==== DATASET RECORDS ====

lemma surj_power_CHAR_power: "surj (\<lambda>d::'a::{finite,field}. d ^ (CHAR('a) ^ n))"
proof (rule finite_UNIV_inj_surj[OF finite_UNIV], rule injI)
  fix d e :: 'a
  assume eq: "d ^ CHAR('a) ^ n = e ^ CHAR('a) ^ n"
  have "(d - e) ^ CHAR('a) ^ n + e ^ CHAR('a) ^ n = d ^ CHAR('a) ^ n"
    using freshmans_dream'[OF prime_CHAR_finite_field refl, of "d - e" e n] by simp
  then have "(d - e) ^ CHAR('a) ^ n = 0"
    using eq by simp
  then show "d = e"
    by simp
qed

text \<open>Every constant is a CHAR^k-th power, and every CHAR^k-th power in R_k is a constant
  because the Frobenius kills the nilpotent part.\<close>
lemma Rk_hom_const:
  fixes \<sigma> :: "(nat \<Rightarrow> 'a::{finite,field}) \<Rightarrow> (nat \<Rightarrow> 'a)"
  assumes "\<sigma> \<in> ring_hom (Rk k) (Rk k)"
  shows "\<exists>e. \<sigma> (Rk_const k c) = Rk_const k e"
proof -
  interpret ring_hom_cring "Rk k" "Rk k" \<sigma>
    by (rule ring_hom_cring_Rk[OF assms])
  define q where "q = CHAR('a) ^ k"
  have "k < 2 ^ k"
    by (rule less_exp)
  also have "2 ^ k \<le> q"
    unfolding q_def by (intro power_mono prime_ge_2_nat prime_CHAR_finite_field) simp
  finally have "k \<le> q" by simp
  obtain d where "c = d ^ q"
    using surj_power_CHAR_power[of k] by (metis q_def surjD)
  then have "Rk_const k c = Rk_const k d [^]\<^bsub>Rk k\<^esub> q"
    by (simp add: Rk_const_eq Rk_of_fps_pow fps_const_power)
  then have "\<sigma> (Rk_const k c) = \<sigma> (Rk_const k d) [^]\<^bsub>Rk k\<^esub> q"
    by (simp add: Rk_const_eq)
  also have "\<dots> = Rk_const k (\<sigma> (Rk_const k d) 0 ^ q)"
    unfolding q_def
    by (rule Rk_pow_CHAR_power[OF prime_CHAR_finite_field])
      (simp_all add: \<open>k \<le> q\<close>[unfolded q_def])
  finally show ?thesis ..
qed

lemma Rk_const_inj: "0 < k \<Longrightarrow> inj (Rk_const k)"
  by (rule injI) (drule fun_cong[of _ _ 0], simp add: Rk_const_def)

lemma ring_iso_Fring_of_Rk:
  fixes \<theta> :: "'a::{finite,field} \<Rightarrow> 'a"
  assumes \<sigma>: "\<sigma> \<in> ring_iso (Rk k) (Rk k)" and "0 < k"
    and \<sigma>_const: "\<And>c. \<sigma> (Rk_const k c) = Rk_const k (\<theta> c)"
  shows "\<theta> \<in> ring_iso Fring Fring"
proof -
  have const_mult: "Rk_const k (a * b) = Rk_const k a \<otimes>\<^bsub>Rk k\<^esub> Rk_const k b"
    and const_add: "Rk_const k (a + b) = Rk_const k a \<oplus>\<^bsub>Rk k\<^esub> Rk_const k b" for a b :: 'a
    by (simp_all add: Rk_const_eq Rk_of_fps_mult Rk_of_fps_add fps_const_mult fps_const_add)
  have const_one: "Rk_const k 1 = \<one>\<^bsub>Rk k\<^esub>"
    by (simp add: Rk_const_eq Rk_one_eq)
  note inj_const = injD[OF Rk_const_inj[OF \<open>0 < k\<close>]]
  have "\<theta> (a * b) = \<theta> a * \<theta> b" for a b
    using ring_iso_memE(2)[OF \<sigma> Rk_const_carrier Rk_const_carrier]
    by (intro inj_const) (simp add: const_mult flip: \<sigma>_const)
  moreover have "\<theta> (a + b) = \<theta> a + \<theta> b" for a b
    using ring_iso_memE(3)[OF \<sigma> Rk_const_carrier Rk_const_carrier]
    by (intro inj_const) (simp add: const_add flip: \<sigma>_const)
  moreover have "\<theta> 1 = 1"
    using ring_iso_memE(4)[OF \<sigma>] by (intro inj_const) (simp add: const_one flip: \<sigma>_const)
  moreover have "inj \<theta>"
  proof (rule injI)
    fix a b assume "\<theta> a = \<theta> b"
    then have "\<sigma> (Rk_const k a) = \<sigma> (Rk_const k b)"
      by (simp add: \<sigma>_const)
    then show "a = b"
      using bij_betw_imp_inj_on[OF ring_iso_memE(5)[OF \<sigma>]]
      by (intro inj_const) (meson Rk_const_carrier inj_onD)
  qed
  ultimately show ?thesis
    by (simp add: ring_iso_Fring_iff ring_hom_Fring_iff finite_UNIV_inj_surj bij_def)
qed

lemma Rk_hom_eq_Rk_subst:
  assumes \<sigma>: "\<sigma> \<in> ring_hom (Rk k) (Rk k)"
    and \<sigma>_const: "\<And>c. \<sigma> (Rk_const k c) = Rk_const k (\<theta> c)"
    and \<sigma>_u: "\<sigma> (Rk_u k) = Rk_of_fps k V" and V0: "V $ 0 = 0"
    and x: "x \<in> carrier (Rk k)"
  shows "\<sigma> x = Rk_subst k \<theta> V x"
proof -
  interpret ring_hom_cring "Rk k" "Rk k" \<sigma>
    by (rule ring_hom_cring_Rk[OF \<sigma>])
  have x_eq: "finsum (Rk k) (\<lambda>i. Rk_const k (x i) \<otimes>\<^bsub>Rk k\<^esub> Rk_u k [^]\<^bsub>Rk k\<^esub> i) {..<k} = x"
    using finsum_Rk_powers_eq_Rk_subst[of fps_X k id x] Rk_subst_id_X[OF x] by (simp add: Rk_u_eq)
  have "\<sigma> x = \<sigma> (finsum (Rk k) (\<lambda>i. Rk_const k (x i) \<otimes>\<^bsub>Rk k\<^esub> Rk_u k [^]\<^bsub>Rk k\<^esub> i) {..<k})"
    by (simp only: x_eq)
  also have "\<dots> = finsum (Rk k) (\<lambda>i. \<sigma> (Rk_const k (x i) \<otimes>\<^bsub>Rk k\<^esub> Rk_u k [^]\<^bsub>Rk k\<^esub> i)) {..<k}"
    by (subst hom_finsum) (auto simp: o_def)
  also have "\<dots> = finsum (Rk k) (\<lambda>i. Rk_const k (\<theta> (x i)) \<otimes>\<^bsub>Rk k\<^esub> Rk_of_fps k V [^]\<^bsub>Rk k\<^esub> i) {..<k}"
  proof (rule Rk.finsum_cong')
    fix i
    show "\<sigma> (Rk_const k (x i) \<otimes>\<^bsub>Rk k\<^esub> Rk_u k [^]\<^bsub>Rk k\<^esub> i)
            = Rk_const k (\<theta> (x i)) \<otimes>\<^bsub>Rk k\<^esub> Rk_of_fps k V [^]\<^bsub>Rk k\<^esub> i"
      using hom_mult[OF Rk_const_carrier Rk.nat_pow_closed[OF Rk_u_carrier]] hom_pow[OF Rk_u_carrier]
      by (simp add: \<sigma>_const \<sigma>_u)
  qed (simp_all add: Pi_def)
  also have "\<dots> = Rk_subst k \<theta> V x"
    by (rule finsum_Rk_powers_eq_Rk_subst[OF V0])
  finally show ?thesis .
qed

====

#### PROBLEM TO WORK ON:
Return each line among the entries that holds the word "moreover".

#### OUTPUT OF THE TASK:
  moreover have "\<theta> (a + b) = \<theta> a + \<theta> b" for a b
  moreover have "\<theta> 1 = 1"
  moreover have "inj \<theta>"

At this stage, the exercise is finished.